Deregulation in New York should produce results at least that strong. A 2.3 to 3.2 percent annual increase in the city’s residential property tax collections would amount to $83 million to $116 million. Studies by Roistacher (1991) and deSeve (1997) suggest the increase would be even larger, in the range of $150 million to $180 million. And an increase of one percent in New York’s housing stock during the current strong economic period would amount to more than 27,000 units, four times more than the number now being planned or under construction.
New York Would Benefit from Deregulation, but the Process Would Be More Complicated than in Massachusetts
There are numerous lessons from the Massachusetts experience that are relevant to the current rent deregulation debate in New York City. The most important is to bring the best possible data and analysis to bear on the issue. New York has the tremendous and unique advantage of having available the Housing and Vacancy Survey. But even in the Massachusetts case, in retrospect it turns out that there was sufficient information available indicating that deregulation would not be as cataclysmic as many believed. But few were paying attention. In New York, there is empirical evidence that a carefully designed, phased withdrawal from rent regulation can be achieved. Total deregulation will require targeted housing assistance for the least fortunate.

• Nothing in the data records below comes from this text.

lemma BM_square_le_weighted_dyadic_l4:
  assumes BM: "std_BM M B" and T: "T > 0" and \<omega>: "\<omega> \<in> space M" and t: "t \<in> {0..T}"
    and sum: "dyadic_weighted_sum B T \<omega> = ennreal q" and "q \<ge> 0"
  shows "(B t \<omega>)^2 \<le> q / (1 - sqrt (9/10))^2"
proof -
  have "ennreal ((dyadic_l4 B T k \<omega>)^2 * (10/9)^k) \<le> dyadic_weighted_sum B T \<omega>" for k
    unfolding dyadic_weighted_sum_def using sum_le_suminf[OF summableI, of "{k}"] by simp
  then have q: "(dyadic_l4 B T k \<omega>)^2 * (10/9)^k \<le> q" for k using sum \<open>q \<ge> 0\<close> by simp
  define p :: real where "p = sqrt (9/10)"
  have p: "0 \<le> p" "p < 1" unfolding p_def by simp_all
  have l4: "dyadic_l4 B T k \<omega> \<le> sqrt q * p^k" for k
  proof -
    have "(dyadic_l4 B T k \<omega>)^2 \<le> q * (9/10)^k"
      using q[of k] by (simp add: field_simps power_divide)
    then have "sqrt ((dyadic_l4 B T k \<omega>)^2) \<le> sqrt (q * (9/10)^k)" by (rule real_sqrt_le_mono)
    moreover have "sqrt ((dyadic_l4 B T k \<omega>)^2) = dyadic_l4 B T k \<omega>" using dyadic_l4_nonneg[of B T k \<omega>] by simp
    moreover have "sqrt (q * (9/10)^k) = sqrt q * p^k" unfolding p_def by (simp add: real_sqrt_mult real_sqrt_power)
    ultimately show ?thesis by simp
  qed
  have "(\<Sum>k\<le>m. dyadic_l4 B T k \<omega>) \<le> sqrt q / (1 - p)" for m
  proof -
    have "(\<Sum>k\<le>m. p^k) \<le> (\<Sum>k. p^k)"
      using p by (intro sum_le_suminf summable_geometric) auto
    then have "(\<Sum>k\<le>m. p^k) \<le> 1 / (1 - p)" using suminf_geometric[of p] p by simp
    then have "sqrt q * (\<Sum>k\<le>m. p^k) \<le> sqrt q / (1 - p)"
      using mult_left_mono[of _ _ "sqrt q"] \<open>q \<ge> 0\<close> by fastforce
    moreover have "(\<Sum>k\<le>m. dyadic_l4 B T k \<omega>) \<le> sqrt q * (\<Sum>k\<le>m. p^k)"
      unfolding sum_distrib_left by (rule sum_mono) (rule l4)
    ultimately show ?thesis by linarith
  qed
  then have "\<bar>B t \<omega>\<bar> \<le> sqrt q / (1 - p)"
    by (rule abs_le_if_dyadic_sums_le[where B = B and \<omega> = \<omega>, OF std_BM_D(3,4)[OF BM \<omega>] T t])
  then have "\<bar>B t \<omega>\<bar>^2 \<le> (sqrt q / (1 - p))^2" by (rule power_mono) simp
  then show ?thesis using \<open>q \<ge> 0\<close> unfolding p_def by (simp add: power_divide)
qed

lemma BM_sup_square_majorant:
  assumes BM: "std_BM M B" and "T \<ge> 0"
  obtains Z where "Z \<in> borel_measurable M" and "integral\<^sup>N M Z < \<infinity>"
    and "\<And>\<omega> t. \<omega> \<in> space M \<Longrightarrow> t \<in> {0..T} \<Longrightarrow> ennreal ((B t \<omega>)^2) \<le> Z \<omega>"
proof (cases "T = 0")
  case True
  then show ?thesis by (intro that[of "\<lambda>_. 0"]) (auto simp: std_BM_D(3)[OF BM])
next
  case False
  then have T: "T > 0" using \<open>T \<ge> 0\<close> by simp
  define c :: real where "c = 1 / (1 - sqrt (9/10))^2"
  show ?thesis
  proof (rule that[of "\<lambda>\<omega>. ennreal c * dyadic_weighted_sum B T \<omega>"])
    show "(\<lambda>\<omega>. ennreal c * dyadic_weighted_sum B T \<omega>) \<in> borel_measurable M"
      using borel_measurable_dyadic_weighted_sum[OF BM T] by measurable
    show "integral\<^sup>N M (\<lambda>\<omega>. ennreal c * dyadic_weighted_sum B T \<omega>) < \<infinity>"
      using nn_integral_dyadic_weighted_sum_finite[OF BM T] borel_measurable_dyadic_weighted_sum[OF BM T]
      by (simp add: nn_integral_cmult ennreal_mult_less_top)
    fix \<omega> t assume \<omega>: "\<omega> \<in> space M" and t: "t \<in> {0..T}"
    show "ennreal ((B t \<omega>)^2) \<le> ennreal c * dyadic_weighted_sum B T \<omega>"
    proof (cases "dyadic_weighted_sum B T \<omega>")
      case (real q)
      then have "(B t \<omega>)^2 \<le> c * q"
        using BM_square_le_weighted_dyadic_l4[OF BM T \<omega> t] unfolding c_def by simp
      then show ?thesis using real by (simp add: ennreal_mult[symmetric] ennreal_leI c_def)
    qed (simp add: c_def ennreal_mult_top)
  qed
qed

section \<open>The reduced equation for the first coordinate\<close>

lemma summable_power4_if_weighted_square_summable:
  fixes a :: "nat \<Rightarrow> real"
  assumes "summable (\<lambda>n. (1 + (real n)^2)^5 * (a n)^2)"
  shows "summable (\<lambda>n. real n ^ 4 * \<bar>a n\<bar>)"
proof -
  have bound: "real n ^ 4 * \<bar>a n\<bar> \<le> ((1 + (real n)^2)^5 * (a n)^2 + inverse (real n ^ 2)) / 2" for n
  proof -
    define w where "w = (1 + (real n)^2)^5"
    have w: "w > 0" unfolding w_def by (simp add: add_pos_nonneg)
    have "0 \<le> (w * \<bar>a n\<bar> - real n ^ 4)^2" by simp
    then have "2 * (real n ^ 4 * \<bar>a n\<bar>) * w \<le> w * (a n)^2 * w + real n ^ 8"
      by (simp add: power2_eq_square algebra_simps flip: power_add)
    then have am_gm: "2 * (real n ^ 4 * \<bar>a n\<bar>) \<le> w * (a n)^2 + real n ^ 8 / w"
      using w by (simp add: field_simps)
    have "real n ^ 8 / w \<le> inverse (real n ^ 2)"
    proof (cases "n = 0")
      case False
      have "(real n ^ 2) ^ 5 \<le> w" unfolding w_def by (rule power_mono) auto
      then have "real n ^ 8 * real n ^ 2 \<le> w" by (simp flip: power_mult power_add)
      then show ?thesis using w False by (simp add: field_simps)
    qed simp
    with am_gm show ?thesis unfolding w_def by simp
  qed
  have "summable (\<lambda>n. ((1 + (real n)^2)^5 * (a n)^2 + inverse (real n ^ 2)) / 2)"
    by (intro summable_divide summable_add assms inverse_power_summable) simp
  then show ?thesis by (rule summable_comparison_test[rotated]) (use bound in auto)
qed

A major difference between the Boston area and New York is the scale of rent regulation. In the Boston metropolitan area, in a two-year period 42,500 rental units were decontrolled. New York has more than a million regulated rental units and has had rent regulation for more than 50 years. Deregulation in New York will take longer than two years. It should be remembered, however, that a majority of New York households under rent stabilization are not benefitting from the system. In Upper Manhattan and the outer boroughs (with the exception of some affluent areas) benefits on average are negligible or nonexistent. Stabilized units do have somewhat lower rents but are also generally smaller. When size, quality and neighborhood are taken into account, the rent benefit disappears. Of course, there is considerable variation in benefits, so a short phasing out period makes sense. Thus the Boston area had 42,500 controlled units with large benefits, while New York has more than a million regulated units, but with only a minority enjoying modest to substantial benefits.
Like other U.S. cities, Boston and Cambridge will continue to have housing problems. But deregulation is increasing the quality and quantity of the housing stock, and making more effective use of the existing stock. By ending its more comprehensive system of rent regulations, New York can achieve a far healthier housing market and, hence, much greater benefits.